Your reply should contain only the line with "ultimately show ?thesis" and the lines after it through the end of the data, each written out exactly.

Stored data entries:
──────────

theorem lemma3p9:
  fixes f r :: "real^'n \<Rightarrow> real"
    and g :: "real^'n \<Rightarrow> real^'n"
    and c :: "real^'n \<Rightarrow> real^'m"
    and J :: "real^'n \<Rightarrow> real^'n^'m"
    and kappa_v sigma_c eps_tau xi eta sigma_u tau_m1 :: real
    and x v u :: "nat \<Rightarrow> real^'n"
    and alpha tau :: "nat \<Rightarrow> real"
    and X :: "(real^'n) set"
  assumes mn: "CARD('m) \<le> CARD('n)"
    and f_deriv: "\<And>y. (f has_derivative (\<lambda>h. g y \<bullet> h)) (at y)"
    and g_cont: "continuous_on UNIV g"
    and c_deriv: "\<And>y. (c has_derivative (\<lambda>h. J y *v h)) (at y)"
    and J_cont: "continuous_on UNIV J"
    and r_convex: "convex_on UNIV r"
    and r_nonneg: "\<And>y. r y \<ge> 0"
    and params: "kappa_v > 0" "0 < sigma_c" "sigma_c < 1" "0 < eps_tau" "eps_tau < 1"
      "0 < xi" "xi < 1" "0 < eta" "eta < 1" "0 < sigma_u" "sigma_u \<le> 1/2"
    and alpha0: "alpha 0 > 0"
    and tau_m1: "tau_m1 > 0"
    \<comment> \<open>Step 1 (nontermination: J_k^T c_k = 0 forces c_k = 0)\<close>
    and step1a: "\<And>k. transpose (J (x k)) *v c (x k) \<noteq> 0 \<Longrightarrow>
          v k \<in> range (\<lambda>y. transpose (J (x k)) *v y)
        \<and> norm (v k) \<le> kappa_v * alpha k * norm (transpose (J (x k)) *v c (x k))
        \<and> (\<exists>beta. is_arg_min
                    (\<lambda>b. (1/2) * (norm (c (x k) - b *\<^sub>R (J (x k) *v (transpose (J (x k)) *v c (x k)))))\<^sup>2)
                    (\<lambda>b. 0 \<le> b \<and> b \<le> kappa_v * alpha k) beta
                \<and> norm (c (x k) + J (x k) *v v k)
                    \<le> norm (c (x k) + J (x k) *v (- (beta *\<^sub>R (transpose (J (x k)) *v c (x k))))))"
    and step1b: "\<And>k. transpose (J (x k)) *v c (x k) = 0 \<Longrightarrow> v k = 0 \<and> c (x k) = 0"
    \<comment> \<open>Step 2 (nontermination: s_k \<noteq> 0)\<close>
    and step2: "\<And>k. J (x k) *v u k = 0
        \<and> (\<forall>w. J (x k) *v w = 0 \<longrightarrow> u_obj r g (alpha k) (x k) (v k) (u k) \<le> u_obj r g (alpha k) (x k) (v k) w)"
    and nonterm_s: "\<And>k. v k + u k \<noteq> 0"
    \<comment> \<open>Step 3\<close>
    and step3: "\<And>k. tau k = tau_update eps_tau (if k = 0 then tau_m1 else tau (k - 1))
        (tau_trial r g c J sigma_c sigma_u (alpha k) (x k) (v k) (v k + u k))"
    \<comment> \<open>Step 4\<close>
    and step4: "\<And>k. (merit (tau k) f r c (x k + (v k + u k)) \<le> merit (tau k) f r c (x k)
                   - eta * delta_q r g c J (alpha k) (x k) (v k + u k) (tau k)
           \<longrightarrow> x (Suc k) = x k + (v k + u k) \<and> alpha (Suc k) = alpha k)
        \<and> (\<not> merit (tau k) f r c (x k + (v k + u k)) \<le> merit (tau k) f r c (x k)
                   - eta * delta_q r g c J (alpha k) (x k) (v k + u k) (tau k)
           \<longrightarrow> x (Suc k) = x k \<and> alpha (Suc k) = xi * alpha k)"
    \<comment> \<open>Standing assumption\<close>
    and X_open: "open X" and X_convex: "convex X"
    and X_iter: "\<And>k. x k \<in> X" and X_trial: "\<And>k. x k + (v k + u k) \<in> X"
    and f_bdd: "bdd_below (f ` X)"
    and g_bdd: "bounded (g ` X)"
    and g_lip: "\<exists>L. \<forall>a\<in>X. \<forall>b\<in>X. norm (g a - g b) \<le> L * norm (a - b)"
    and c_bdd: "bounded (c ` X)"
    and J_bdd: "bounded (J ` X)"
    and J_lip: "\<exists>L. \<forall>a\<in>X. \<forall>b\<in>X. norm (J a - J b) \<le> L * norm (a - b)"
    and subgrad_bdd: "\<exists>B. \<forall>y\<in>X. \<forall>z. is_subgrad r y z \<longrightarrow> norm z \<le> B"
  shows "(\<forall>k\<ge>1. transpose (J (x k)) *v c (x k) = 0 \<longrightarrow>
            tau_trial r g c J sigma_c sigma_u (alpha k) (x k) (v k) (v k + u k) = \<infinity>
            \<and> tau k = tau (k - 1))
       \<and> (\<exists>eps>0. \<forall>k\<ge>1. transpose (J (x k)) *v c (x k) \<noteq> 0 \<and> tau k < tau (k - 1) \<longrightarrow>
            tau (k - 1) \<ge> eps * norm (transpose (J (x k)) *v c (x k)))"
proof -
  have "alpha (Suc k) = alpha k \<or> alpha (Suc k) = xi * alpha k" for k
    using step4[of k] by blast
  then have alpha: "0 < alpha k \<and> alpha k \<le> alpha 0" for k
    using step_sizes_bounded[where \<alpha> = alpha and \<xi> = xi] alpha0 params(6,7) by simp
  obtain G where G: "0 < G" "\<And>y. y \<in> X \<Longrightarrow> norm (g y) \<le> G"
    using g_bdd unfolding bounded_pos by blast
  obtain C where C: "0 < C" "\<And>y. y \<in> X \<Longrightarrow> norm (c y) \<le> C"
    using c_bdd unfolding bounded_pos by blast
  obtain M where M: "0 < M" "\<And>y. y \<in> X \<Longrightarrow> norm (J y) \<le> M"
    using J_bdd unfolding bounded_pos by blast
  obtain B where B: "0 \<le> B" "\<And>y z. y \<in> X \<Longrightarrow> is_subgrad r y z \<Longrightarrow> norm z \<le> B"
    using subgrad_bdd by (meson max.cobounded1 max.coboundedI2)
  have tau_k: "tau k = tau_update eps_tau (tau (k - 1))
      (tau_trial r g c J sigma_c sigma_u (alpha k) (x k) (v k) (v k + u k))" if "k \<ge> 1" for k
    using step3[of k] that by simp
  have part1: "tau_trial r g c J sigma_c sigma_u (alpha k) (x k) (v k) (v k + u k) = \<infinity>
      \<and> tau k = tau (k - 1)" if k: "k \<ge> 1" and a0: "transpose (J (x k)) *v c (x k) = 0" for k
  proof -
    have "tau_trial r g c J sigma_c sigma_u (alpha k) (x k) (v k) (v k + u k) = \<infinity>"
      using tau_trial_infinite_if_no_normal_step[where x = "x k" and J = J, OF r_convex
          conjunct1[OF alpha[of k]] params(11) conjunct1[OF step1b[OF a0]] conjunct1[OF step2[of k]]
          mp[OF spec[OF conjunct2[OF step2[of k]]]] B(2)[OF X_trial[of k]]] .
    then show ?thesis
      using tau_k[OF k] by (simp add: tau_update_def)
  qed
  define eps where "eps = (1 - sigma_c) * min kappa_v (1 / (M\<^sup>2 * alpha 0))
      / (2 * C * (kappa_v * (G + B) + kappa_v\<^sup>2 * (M * C)))"
  have "0 < eps"
    unfolding eps_def using params G(1) C(1) M(1) B(1) alpha0
    by (intro divide_pos_pos mult_pos_pos add_nonneg_pos mult_nonneg_nonneg) auto
  moreover have "eps * norm (transpose (J (x k)) *v c (x k)) \<le> tau (k - 1)"
    if k: "k \<ge> 1" and a_ne: "transpose (J (x k)) *v c (x k) \<noteq> 0" and dec: "tau k < tau (k - 1)"
    for k
    using step1a[OF a_ne] step2[of k] tau_k[OF k] dec a_ne unfolding eps_def
    by (elim conjE exE, intro tau_prev_lower_bound[where x = "x k" and c = c and J = J and g = g,
          OF r_convex params(3,11) conjunct1[OF alpha[of k]] conjunct2[OF alpha[of k]] params(1)
          G(2)[OF X_iter[of k]] C(2)[OF X_iter[of k]] M(2)[OF X_iter[of k]] M(1) B(1)
          B(2)[OF X_trial[of k]]]) auto
  ultimately show ?thesis
    using part1 by blast
qed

──────────

Answer below »
  ultimately show ?thesis
    using part1 by blast
qed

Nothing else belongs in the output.